- What the task asks: Write out, word for word, only the lines from the one containing "define j where" through the final line of the data.

- Provided data:
□ □ □ □

(* All words are read as arrangements u = 0 w_1 ... w_n of their underlying set S, so it suffices
   to show, for every finite S and first letter a, that the up-down arrangements of S starting
   with a whose HR-tree has k leaves are as many as the Andre arrangements starting with a with
   k - 1 descents.  This goes by strong induction on |S|, both counts obeying the same recurrence.
   If a = min S, removing a leaves a down-up, respectively an Andre, arrangement of S - {min S}.
   Otherwise an up-down word splits at its first extremal letter x, which becomes the root of
   its HR-tree: u = L x R with L an up-down word on A, a subset of S - {min S, max S} containing a,
   and R alternating on S - A - {x}, and the leaves of L and R add up.  An Andre word splits at
   min S into Andre words L and R with max L < max R, so that max S lies in R, and descents
   plus one add up.  The remaining factors agree because the number of up-down or down-up
   arrangements with k leaves depends only on the size of the set, as HR-trees commute with
   order-preserving and order-reversing relabellings. *)

section \<open>The HR-tree of a word\<close>

definition first_extremum :: "'a::linorder list \<Rightarrow> nat" where
  "first_extremum u = (LEAST i. i < length u \<and> (u ! i = Min (set u) \<or> u ! i = Max (set u)))"

lemma first_extremum:
  assumes "u \<noteq> []"
  shows first_extremum_less_length: "first_extremum u < length u"
    and nth_first_extremum: "u ! first_extremum u = Min (set u) \<or> u ! first_extremum u = Max (set u)"
    and nth_before_first_extremum:
      "\<And>i. i < first_extremum u \<Longrightarrow> u ! i \<noteq> Min (set u) \<and> u ! i \<noteq> Max (set u)"
proof -
  let ?P = "\<lambda>i. i < length u \<and> (u ! i = Min (set u) \<or> u ! i = Max (set u))"
  obtain i where i: "?P i"
    using assms by (metis Min_in List.finite_set in_set_conv_nth set_empty)
  show "first_extremum u < length u"
    and "u ! first_extremum u = Min (set u) \<or> u ! first_extremum u = Max (set u)"
    using LeastI[of ?P i, OF i] unfolding first_extremum_def by auto
  fix j assume "j < first_extremum u"
  then show "u ! j \<noteq> Min (set u) \<and> u ! j \<noteq> Max (set u)"
    using not_less_Least[of j ?P] LeastI[of ?P i, OF i] unfolding first_extremum_def by auto
qed

lemma first_extremum_append:
  assumes "x = Min (set (L @ x # R)) \<or> x = Max (set (L @ x # R))"
    and "\<And>y. y \<in> set L \<Longrightarrow> y \<noteq> Min (set (L @ x # R)) \<and> y \<noteq> Max (set (L @ x # R))"
  shows "first_extremum (L @ x # R) = length L"
  unfolding first_extremum_def
proof (rule Least_equality)
  fix i assume "i < length (L @ x # R) \<and> ((L @ x # R) ! i = Min (set (L @ x # R)) \<or>
      (L @ x # R) ! i = Max (set (L @ x # R)))"
  then show "length L \<le> i"
    using assms(2) by (metis not_le nth_append nth_mem)
qed (use assms(1) in simp)

(* The root of an HR-tree is extremal in its subtree and the other extremum lies in its right
   subtree, so the root must be the first extremal letter of the reading word. *)
function hr_tree_of :: "'a::linorder list \<Rightarrow> 'a tree" where
  "hr_tree_of u = (if u = [] then Leaf else
     Node (hr_tree_of (take (first_extremum u) u)) (u ! first_extremum u)
          (hr_tree_of (drop (Suc (first_extremum u)) u)))"
  by auto
termination
  by (relation "measure length") (auto dest: first_extremum_less_length)

declare hr_tree_of.simps [simp del]

lemma hr_tree_of_Nil [simp]: "hr_tree_of [] = Leaf"
  by (simp add: hr_tree_of.simps)

lemma hr_tree_of_eq_Leaf_iff [simp]: "hr_tree_of u = Leaf \<longleftrightarrow> u = []"
  by (subst hr_tree_of.simps) auto

lemma hr_tree_of_append:
  assumes "x = Min (set (L @ x # R)) \<or> x = Max (set (L @ x # R))"
    and "\<And>y. y \<in> set L \<Longrightarrow> y \<noteq> Min (set (L @ x # R)) \<and> y \<noteq> Max (set (L @ x # R))"
  shows "hr_tree_of (L @ x # R) = Node (hr_tree_of L) x (hr_tree_of R)"
  using first_extremum_append[OF assms] by (subst hr_tree_of.simps) simp

lemma inorder_hr_tree_of [simp]: "inorder (hr_tree_of u) = u"
proof (induction u rule: hr_tree_of.induct)
  case (1 u)
  then show ?case
    by (subst hr_tree_of.simps) (simp add: id_take_nth_drop[symmetric] first_extremum_less_length)
qed

lemma set_hr_tree_of [simp]: "set_tree (hr_tree_of u) = set u"
  by (metis inorder_hr_tree_of set_inorder)

lemma hr_tree_of_single [simp]: "hr_tree_of [a] = Node Leaf a Leaf"
  using hr_tree_of_append[of a "[]" "[]"] by simp

definition hr_node :: "'a::linorder tree \<Rightarrow> 'a \<Rightarrow> 'a tree \<Rightarrow> bool" where
  "hr_node l a r \<longleftrightarrow> (a = Min (set_tree (Node l a r)) \<or> a = Max (set_tree (Node l a r))) \<and>
     (inner_node (Node l a r) \<longrightarrow> r \<noteq> Leaf \<and>
        (a = Min (set_tree (Node l a r)) \<longrightarrow> Max (set_tree (Node l a r)) \<in> set_tree r) \<and>
        (a = Max (set_tree (Node l a r)) \<longrightarrow> Min (set_tree (Node l a r)) \<in> set_tree r))"

lemma hr_tree_iff_hr_nodes:
  "hr_tree t \<longleftrightarrow> distinct (inorder t) \<and> (\<forall>l a r. Node l a r \<in> subtrees t \<longrightarrow> hr_node l a r)"
  unfolding hr_tree_def minmax_tree_def hr_node_def by blast

lemma hr_tree_Leaf [simp]: "hr_tree Leaf"
  unfolding hr_tree_iff_hr_nodes by simp

lemma hr_tree_Node:
  "hr_tree (Node l a r) \<longleftrightarrow>
     distinct (inorder l @ a # inorder r) \<and> hr_node l a r \<and> hr_tree l \<and> hr_tree r"
proof -
  have "(\<forall>l' a' r'. Node l' a' r' \<in> subtrees (Node l a r) \<longrightarrow> hr_node l' a' r') \<longleftrightarrow>
      hr_node l a r \<and> (\<forall>l' a' r'. Node l' a' r' \<in> subtrees l \<longrightarrow> hr_node l' a' r') \<and>
      (\<forall>l' a' r'. Node l' a' r' \<in> subtrees r \<longrightarrow> hr_node l' a' r')"
    by auto
  then show ?thesis
    unfolding hr_tree_iff_hr_nodes by auto
qed

lemma other_extremum_in_right:
  fixes x :: "'a::linorder" and L R :: "'a list"
  defines "S \<equiv> set (L @ x # R)"
  assumes "distinct (L @ x # R)" and "L \<noteq> [] \<or> R \<noteq> []"
    and "\<And>y. y \<in> set L \<Longrightarrow> y \<noteq> Min S \<and> y \<noteq> Max S"
  shows "x = Min S \<Longrightarrow> Max S \<in> set R" and "x = Max S \<Longrightarrow> Min S \<in> set R"
proof -
  have S: "finite S" "\<And>z. z \<in> S \<longleftrightarrow> z = x \<or> z \<in> set L \<or> z \<in> set R"
    unfolding S_def by auto
  have "set L \<union> set R \<noteq> {}"
    using assms(3) by simp
  then obtain y where "y \<in> set L \<union> set R"
    by (metis ex_in_conv)
  then have y: "y \<in> S" "y \<noteq> x"
    using assms(2) unfolding S_def by auto
  have "x \<in> S"
    using S(2) by blast
  then have "Min S \<le> y" "y \<le> Max S" "Min S \<le> x" "x \<le> Max S"
    using y(1) S(1) by auto
  then have "Min S \<noteq> Max S"
    using y(2) by (metis antisym order.trans)
  moreover have "Min S \<in> S" "Max S \<in> S"
    using S(1) y(1) by (auto intro: Min_in Max_in)
  ultimately show "x = Min S \<Longrightarrow> Max S \<in> set R" "x = Max S \<Longrightarrow> Min S \<in> set R"
    using assms(4)[of "Max S"] assms(4)[of "Min S"] S(2)[of "Max S"] S(2)[of "Min S"] by auto
qed

lemma hr_tree_hr_tree_of: "distinct u \<Longrightarrow> hr_tree (hr_tree_of u)"
proof (induction u rule: hr_tree_of.induct)
  case (1 u)
  show ?case
  proof (cases "u = []")
    case False
    define j where "j = first_extremum u"
    define L R where "L = take j u" and "R = drop (Suc j) u"
    define x where "x = u ! j"
    have u: "u = L @ x # R"
      using first_extremum_less_length[OF False] unfolding L_def R_def x_def j_def
      by (simp add: id_take_nth_drop[symmetric])
    have x: "x = Min (set u) \<or> x = Max (set u)"
      using nth_first_extremum[OF False] unfolding x_def j_def .
    have L: "y \<noteq> Min (set u) \<and> y \<noteq> Max (set u)" if "y \<in> set L" for y
      using that nth_before_first_extremum[OF False] unfolding L_def j_def
      by (auto simp: in_set_conv_nth)
    have "inner_node (Node (hr_tree_of L) x (hr_tree_of R)) \<Longrightarrow> L \<noteq> [] \<or> R \<noteq> []"
      unfolding inner_node_def by auto
    moreover have "set_tree (Node (hr_tree_of L) x (hr_tree_of R)) = set u"
      unfolding u by simp
    moreover have "x = Min (set u) \<Longrightarrow> Max (set u) \<in> set R"
      and "x = Max (set u) \<Longrightarrow> Min (set u) \<in> set R" if "L \<noteq> [] \<or> R \<noteq> []"
      using other_extremum_in_right[of L x R, folded u] "1.prems" L that by blast+
    ultimately have "hr_node (hr_tree_of L) x (hr_tree_of R)"
      using x unfolding hr_node_def by auto
    moreover have "hr_tree (hr_tree_of L)" "hr_tree (hr_tree_of R)"
      using "1.IH" False "1.prems" unfolding L_def R_def j_def by simp_all
    moreover have "distinct (inorder (hr_tree_of L) @ x # inorder (hr_tree_of R))"
      using "1.prems" unfolding u by simp
    moreover have "hr_tree_of u = Node (hr_tree_of L) x (hr_tree_of R)"
      using hr_tree_of_append[of x L R] x L unfolding u by blast
    ultimately show ?thesis
      by (simp only: hr_tree_Node)
  qed simp
qed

□ □ □ □

- Answer to the exercise:
    define j where "j = first_extremum u"
    define L R where "L = take j u" and "R = drop (Suc j) u"
    define x where "x = u ! j"
    have u: "u = L @ x # R"
      using first_extremum_less_length[OF False] unfolding L_def R_def x_def j_def
      by (simp add: id_take_nth_drop[symmetric])
    have x: "x = Min (set u) \<or> x = Max (set u)"
      using nth_first_extremum[OF False] unfolding x_def j_def .
    have L: "y \<noteq> Min (set u) \<and> y \<noteq> Max (set u)" if "y \<in> set L" for y
      using that nth_before_first_extremum[OF False] unfolding L_def j_def
      by (auto simp: in_set_conv_nth)
    have "inner_node (Node (hr_tree_of L) x (hr_tree_of R)) \<Longrightarrow> L \<noteq> [] \<or> R \<noteq> []"
      unfolding inner_node_def by auto
    moreover have "set_tree (Node (hr_tree_of L) x (hr_tree_of R)) = set u"
      unfolding u by simp
    moreover have "x = Min (set u) \<Longrightarrow> Max (set u) \<in> set R"
      and "x = Max (set u) \<Longrightarrow> Min (set u) \<in> set R" if "L \<noteq> [] \<or> R \<noteq> []"
      using other_extremum_in_right[of L x R, folded u] "1.prems" L that by blast+
    ultimately have "hr_node (hr_tree_of L) x (hr_tree_of R)"
      using x unfolding hr_node_def by auto
    moreover have "hr_tree (hr_tree_of L)" "hr_tree (hr_tree_of R)"
      using "1.IH" False "1.prems" unfolding L_def R_def j_def by simp_all
    moreover have "distinct (inorder (hr_tree_of L) @ x # inorder (hr_tree_of R))"
      using "1.prems" unfolding u by simp
    moreover have "hr_tree_of u = Node (hr_tree_of L) x (hr_tree_of R)"
      using hr_tree_of_append[of x L R] x L unfolding u by blast
    ultimately show ?thesis
      by (simp only: hr_tree_Node)
  qed simp
qed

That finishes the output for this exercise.